Колю любили все. Буквально. И,в итоге, – залюбили. До смерти. Он был везде свой, в любой компании, в любом городе. Даже в Алма-Ате, где я тогда жил. Как его к нам занесло? До сих пор не пойму, не спрашивал.
 Он был героем КСПэшников, его буквально растаскивали по компаниям, по частям, по жилам даже – по жилам на руках, на ногах, на гитаре. И всюду на столах стояло обильное (до поры) угощение. И – песни, объятия друзей, которые зачастую ими вовсе и не были…
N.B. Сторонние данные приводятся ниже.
(* Let $f=\sum_{J\in\mathbb{N}^n} a_J x^J$ be a nonzero real polynomial, let $\mathcal{M}$ be the set of $P\in\mathbb{N}^n$ with $a_P\neq 0$, and fix an integer $k\ge 0$. Let $M$ be the matrix whose rows are indexed by the vectors $I\in\{0,1\}^n$ with $|I|=k$, whose columns are indexed by the finitely many $J\in\mathbb{N}^n$ such that $I+J\in\mathcal{M}$ for some such $I$, and whose entries are $M_{I,J}=a_{I+J}$. Let $B=M^T M$. Then $$\mathrm{Tr}(B^2)\leq |\mathcal{M}|\,\mathrm{Tr}(B)\left(\sum_{R \in \mathcal{M}} a_R^2\right).$$
   Context: For $\alpha\in\mathbb{N}^n$, $x^\alpha = x_1^{\alpha_1}\cdots x_n^{\alpha_n}/(\alpha_1!\cdots\alpha_n!)$ (scaled monomial basis). For $I\in\{0,1\}^n$, $|I|=\sum_i I_i$. *)

theory Defs
  imports Complex_Main
begin

text \<open>A real polynomial in the variables indexed by the finite type 'n is given by its
coefficient function a :: ('n \<Rightarrow> nat) \<Rightarrow> real (coefficients w.r.t. the scaled monomial
basis x^J), with finite support.\<close>

definition supp_coeffs :: "(('n \<Rightarrow> nat) \<Rightarrow> real) \<Rightarrow> ('n \<Rightarrow> nat) set" where
  "supp_coeffs a = {P. a P \<noteq> 0}"

definition rows01 :: "nat \<Rightarrow> ('n::finite \<Rightarrow> nat) set" where
  "rows01 k = {I. (\<forall>i. I i \<le> 1) \<and> (\<Sum>i\<in>UNIV. I i) = k}"

definition cols :: "(('n::finite \<Rightarrow> nat) \<Rightarrow> real) \<Rightarrow> nat \<Rightarrow> ('n \<Rightarrow> nat) set" where
  "cols a k = {J. \<exists>I\<in>rows01 k. (\<lambda>i. I i + J i) \<in> supp_coeffs a}"

definition matM :: "(('n \<Rightarrow> nat) \<Rightarrow> real) \<Rightarrow> ('n \<Rightarrow> nat) \<Rightarrow> ('n \<Rightarrow> nat) \<Rightarrow> real" where
  "matM a I J = a (\<lambda>i. I i + J i)"

definition matB :: "(('n::finite \<Rightarrow> nat) \<Rightarrow> real) \<Rightarrow> nat \<Rightarrow> ('n \<Rightarrow> nat) \<Rightarrow> ('n \<Rightarrow> nat) \<Rightarrow> real" where
  "matB a k J J' = (\<Sum>I\<in>rows01 k. matM a I J * matM a I J')"

definition traceB :: "(('n::finite \<Rightarrow> nat) \<Rightarrow> real) \<Rightarrow> nat \<Rightarrow> real" where
  "traceB a k = (\<Sum>J\<in>cols a k. matB a k J J)"

definition traceB2 :: "(('n::finite \<Rightarrow> nat) \<Rightarrow> real) \<Rightarrow> nat \<Rightarrow> real" where
  "traceB2 a k = (\<Sum>J\<in>cols a k. \<Sum>J'\<in>cols a k. matB a k J J' * matB a k J' J)"

end

theory Submission
  imports Defs "HOL-Analysis.Convex"
begin

text \<open>With \<open>B = M\<^sup>T M\<close>, \<open>Tr(B\<^sup>2) = Tr((M M\<^sup>T)\<^sup>2)\<close> is the sum over pairs of rows I, I' of the
  squared inner products \<open>(\<Sum>J. M I J * M I' J)\<^sup>2\<close>. Since \<open>J \<mapsto> I + J\<close> is injective, a row has
  at most \<open>|\<M>|\<close> nonzero entries, so Cauchy-Schwarz on the support bounds each square by
  \<open>|\<M>| * (\<Sum>J. (M I J)\<^sup>2 * (M I' J)\<^sup>2)\<close>. Summing over I, I' gives \<open>|\<M>| * (\<Sum>J. c J\<^sup>2)\<close>, where
  \<open>c J\<close> is the squared norm of column J; as \<open>I \<mapsto> I + J\<close> is injective too,
  \<open>c J \<le> (\<Sum>R\<in>\<M>. a R\<^sup>2)\<close>, while \<open>\<Sum>J. c J = Tr B\<close>.\<close>

lemma square_sum_mult_le_card_nonzero:
  fixes f g :: "'a \<Rightarrow> real"
  assumes "finite C"
  shows "(\<Sum>J\<in>C. f J * g J)\<^sup>2 \<le> card {J\<in>C. f J \<noteq> 0} * (\<Sum>J\<in>C. (f J)\<^sup>2 * (g J)\<^sup>2)"
proof -
  let ?T = "{J\<in>C. f J \<noteq> 0}"
  have "(\<Sum>J\<in>C. f J * g J) = (\<Sum>J\<in>?T. f J * g J)"
    by (rule sum.mono_neutral_right) (use assms in auto)
  moreover have "(\<Sum>J\<in>C. (f J)\<^sup>2 * (g J)\<^sup>2) = (\<Sum>J\<in>?T. (f J)\<^sup>2 * (g J)\<^sup>2)"
    by (rule sum.mono_neutral_right) (use assms in auto)
  ultimately show ?thesis
    using sum_squared_le_sum_of_squares[of "\<lambda>J. f J * g J" ?T]
    by (simp add: mult.commute power_mult_distrib)
qed

lemma trace_gram_square_eq:
  fixes x :: "'r \<Rightarrow> 'c \<Rightarrow> real"
  shows "(\<Sum>J\<in>C. \<Sum>J'\<in>C. (\<Sum>I\<in>R. x I J * x I J') * (\<Sum>I\<in>R. x I J' * x I J))
       = (\<Sum>I\<in>R. \<Sum>I'\<in>R. (\<Sum>J\<in>C. x I J * x I' J)\<^sup>2)"
proof -
  have "(\<Sum>J\<in>C. \<Sum>J'\<in>C. (\<Sum>I\<in>R. x I J * x I J') * (\<Sum>I\<in>R. x I J' * x I J))
      = (\<Sum>J\<in>C. \<Sum>J'\<in>C. \<Sum>I\<in>R. \<Sum>I'\<in>R. (x I J * x I' J) * (x I J' * x I' J'))"
    by (simp add: sum_product mult_ac)
  also have "\<dots> = (\<Sum>I\<in>R. \<Sum>I'\<in>R. \<Sum>J\<in>C. \<Sum>J'\<in>C. (x I J * x I' J) * (x I J' * x I' J'))"
    by (subst (2) sum.swap, subst sum.swap, subst (3) sum.swap, subst (2) sum.swap) (rule refl)
  also have "\<dots> = (\<Sum>I\<in>R. \<Sum>I'\<in>R. (\<Sum>J\<in>C. x I J * x I' J)\<^sup>2)"
    by (simp add: power2_eq_square sum_product)
  finally show ?thesis .
qed

lemma trace_gram_square_le:
  fixes x :: "'r \<Rightarrow> 'c \<Rightarrow> real"
  assumes "finite C"
    and row_support: "\<And>I. I \<in> R \<Longrightarrow> card {J\<in>C. x I J \<noteq> 0} \<le> s"
    and column_norm: "\<And>J. J \<in> C \<Longrightarrow> (\<Sum>I\<in>R. (x I J)\<^sup>2) \<le> c"
  shows "(\<Sum>J\<in>C. \<Sum>J'\<in>C. (\<Sum>I\<in>R. x I J * x I J') * (\<Sum>I\<in>R. x I J' * x I J))
       \<le> s * c * (\<Sum>J\<in>C. \<Sum>I\<in>R. (x I J)\<^sup>2)"
proof -
  have row_pair: "(\<Sum>J\<in>C. x I J * x I' J)\<^sup>2 \<le> s * (\<Sum>J\<in>C. (x I J)\<^sup>2 * (x I' J)\<^sup>2)"
    if "I \<in> R" for I I'
    using row_support[OF that]
    by (intro order_trans[OF square_sum_mult_le_card_nonzero[OF \<open>finite C\<close>]] mult_right_mono)
       (auto intro: sum_nonneg)
  have "(\<Sum>J\<in>C. \<Sum>J'\<in>C. (\<Sum>I\<in>R. x I J * x I J') * (\<Sum>I\<in>R. x I J' * x I J))
      \<le> (\<Sum>I\<in>R. \<Sum>I'\<in>R. s * (\<Sum>J\<in>C. (x I J)\<^sup>2 * (x I' J)\<^sup>2))"
    unfolding trace_gram_square_eq by (intro sum_mono row_pair)
  also have "\<dots> = s * (\<Sum>J\<in>C. (\<Sum>I\<in>R. (x I J)\<^sup>2) * (\<Sum>I\<in>R. (x I J)\<^sup>2))"
    by (simp add: sum_distrib_left sum_distrib_right sum.swap[where A = R and B = C] mult_ac)
  also have "\<dots> \<le> s * (\<Sum>J\<in>C. c * (\<Sum>I\<in>R. (x I J)\<^sup>2))"
    by (intro mult_left_mono sum_mono mult_right_mono column_norm) (auto intro: sum_nonneg)
  also have "\<dots> = s * c * (\<Sum>J\<in>C. \<Sum>I\<in>R. (x I J)\<^sup>2)"
    by (simp add: sum_distrib_left mult.assoc)
  finally show ?thesis .
qed

lemma finite_pointwise_bounded_funs: "finite {f :: 'n::finite \<Rightarrow> nat. \<forall>i. f i \<le> m}"
proof -
  have "{f :: 'n \<Rightarrow> nat. \<forall>i. f i \<le> m} = Pi\<^sub>E UNIV (\<lambda>_. {..m})"
    by (auto simp: PiE_UNIV_domain)
  then show ?thesis by (simp add: finite_PiE)
qed

lemma finite_rows01: "finite (rows01 k :: ('n::finite \<Rightarrow> nat) set)"
  by (rule finite_subset[OF _ finite_pointwise_bounded_funs[of 1]]) (auto simp: rows01_def)

lemma finite_cols:
  fixes a :: "('n::finite \<Rightarrow> nat) \<Rightarrow> real"
  assumes "finite (supp_coeffs a)"
  shows "finite (cols a k)"
proof -
  define m where "m = Max ((\<lambda>(R, i). R i) ` (supp_coeffs a \<times> UNIV))"
  have "R i \<le> m" if "R \<in> supp_coeffs a" for R i
    unfolding m_def using assms that by (intro Max_ge) force+
  then have "cols a k \<subseteq> {J. \<forall>i. J i \<le> m}"
    unfolding cols_def by (auto intro: le_trans[OF le_add2])
  then show ?thesis
    by (rule finite_subset[OF _ finite_pointwise_bounded_funs])
qed

lemma card_nonzero_matM_row_le:
  fixes a :: "('n \<Rightarrow> nat) \<Rightarrow> real"
  assumes "finite (supp_coeffs a)"
  shows "card {J\<in>C. matM a I J \<noteq> 0} \<le> card (supp_coeffs a)"
  by (rule card_inj_on_le[of "\<lambda>J i. I i + J i"])
     (use assms in \<open>auto simp: inj_on_def fun_eq_iff matM_def supp_coeffs_def\<close>)

lemma sum_matM_column_squares_le:
  fixes a :: "('n \<Rightarrow> nat) \<Rightarrow> real"
  assumes "finite (supp_coeffs a)" and "finite A"
  shows "(\<Sum>I\<in>A. (matM a I J)\<^sup>2) \<le> (\<Sum>R\<in>supp_coeffs a. (a R)\<^sup>2)"
proof -
  let ?shift = "\<lambda>I i. I i + J i"
  let ?A = "{I\<in>A. ?shift I \<in> supp_coeffs a}"
  have "(\<Sum>I\<in>A. (matM a I J)\<^sup>2) = (\<Sum>I\<in>?A. (a (?shift I))\<^sup>2)"
    unfolding matM_def
    by (rule sum.mono_neutral_right) (auto simp: assms(2) supp_coeffs_def)
  also have "\<dots> = (\<Sum>R\<in>?shift ` ?A. (a R)\<^sup>2)"
    by (subst sum.reindex) (auto simp: inj_on_def fun_eq_iff)
  also have "\<dots> \<le> (\<Sum>R\<in>supp_coeffs a. (a R)\<^sup>2)"
    by (rule sum_mono2[OF assms(1)]) auto
  finally show ?thesis .
qed

theorem lemma5:
  fixes a :: "('n::finite \<Rightarrow> nat) \<Rightarrow> real" and k :: nat
  assumes "finite (supp_coeffs a)"
    and "supp_coeffs a \<noteq> {}"
  shows "traceB2 a k \<le> real (card (supp_coeffs a)) * traceB a k * (\<Sum>R\<in>supp_coeffs a. (a R)^2)"
proof -
  have "traceB2 a k \<le> real (card (supp_coeffs a)) * (\<Sum>R\<in>supp_coeffs a. (a R)\<^sup>2)
      * (\<Sum>J\<in>cols a k. \<Sum>I\<in>rows01 k. (matM a I J)\<^sup>2)"
    unfolding traceB2_def matB_def
    by (rule trace_gram_square_le[OF finite_cols[OF assms(1)] card_nonzero_matM_row_le[OF assms(1)]
        sum_matM_column_squares_le[OF assms(1) finite_rows01]])
  also have "\<dots> = real (card (supp_coeffs a)) * traceB a k * (\<Sum>R\<in>supp_coeffs a. (a R)\<^sup>2)"
    by (simp add: traceB_def matB_def power2_eq_square)
  finally show ?thesis .
qed

end
lemma valley_row_closed: "valley_row (2 * k) = k * k" "valley_row (2 * k + 1) = k * k + k"
proof (induction k)
  case 0
  show "valley_row (2 * 0) = 0 * 0" "valley_row (2 * 0 + 1) = 0 * 0 + 0"
    by (simp_all add: valley_row_def)
next
  case (Suc k)
  show "valley_row (2 * Suc k) = Suc k * Suc k"
    using valley_row_Suc_Suc[of "2 * k"] Suc.IH(1) by simp
  show "valley_row (2 * Suc k + 1) = Suc k * Suc k + Suc k"
    using valley_row_Suc_Suc[of "2 * k + 1"] Suc.IH(2) by simp
qed

lemma card_valley_params_closed:
  "real (card (valley_params (2 * k))) = (4 * real k ^ 3 + 3 * real k ^ 2 - real k) / 6"
  "real (card (valley_params (2 * k + 1))) = (4 * real k ^ 3 + 9 * real k ^ 2 + 5 * real k) / 6"
proof (induction k)
  case 0
  show "real (card (valley_params (2 * 0))) = (4 * real 0 ^ 3 + 3 * real 0 ^ 2 - real 0) / 6"
    "real (card (valley_params (2 * 0 + 1))) = (4 * real 0 ^ 3 + 9 * real 0 ^ 2 + 5 * real 0) / 6"
    by (simp_all add: card_valley_params valley_row_def)
next
  case (Suc k)
  have even: "card (valley_params (2 * Suc k)) = card (valley_params (2 * k + 1)) + Suc k * Suc k"
    using valley_row_closed(1)[of "Suc k"] by (simp add: card_valley_params)
  have odd: "card (valley_params (2 * Suc k + 1)) = card (valley_params (2 * Suc k)) + Suc k * Suc k + Suc k"
    using valley_row_closed(2)[of "Suc k"] by (simp add: card_valley_params)
  show "real (card (valley_params (2 * Suc k))) =
      (4 * real (Suc k) ^ 3 + 3 * real (Suc k) ^ 2 - real (Suc k)) / 6"
    using Suc.IH(2) unfolding even of_nat_add of_nat_mult
    by (simp add: field_simps power2_eq_square power3_eq_cube)
  then show "real (card (valley_params (2 * Suc k + 1))) =
      (4 * real (Suc k) ^ 3 + 9 * real (Suc k) ^ 2 + 5 * real (Suc k)) / 6"
    unfolding odd of_nat_add of_nat_mult
    by (simp add: field_simps power2_eq_square power3_eq_cube)
qed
То, что он не только автор-исполнитель своих песен, мгновенно расходившихся по стране, но и серьёзный прозаик, поэт – мало кто помнил. Любили в основном песни Николая Шипилова. И как же порою жестоки к нему были эти обожатели! Много говорить не стану, стихи скажут больше, но не могу не вспомнить один московский вечер в ЦДЛ.
Коля был с гитарой и, естественно, вокруг него сплотилась целая группа знакомых и полузнакомых литераторов. Точнее – они налипли на него. И всё просили, просили новых песен. Коля, уже изрядно поддатый, не отказывал никому. Меня в очередной раз поразил его «профессионализм», что ли…
Он и пьяненький твёрдо держал гитару в руках и никогда не путал текста! Но приближалась ночь, и его «друзья» тихо и подленько стали отползать от своего кумира.  Домой, к жене, к детям…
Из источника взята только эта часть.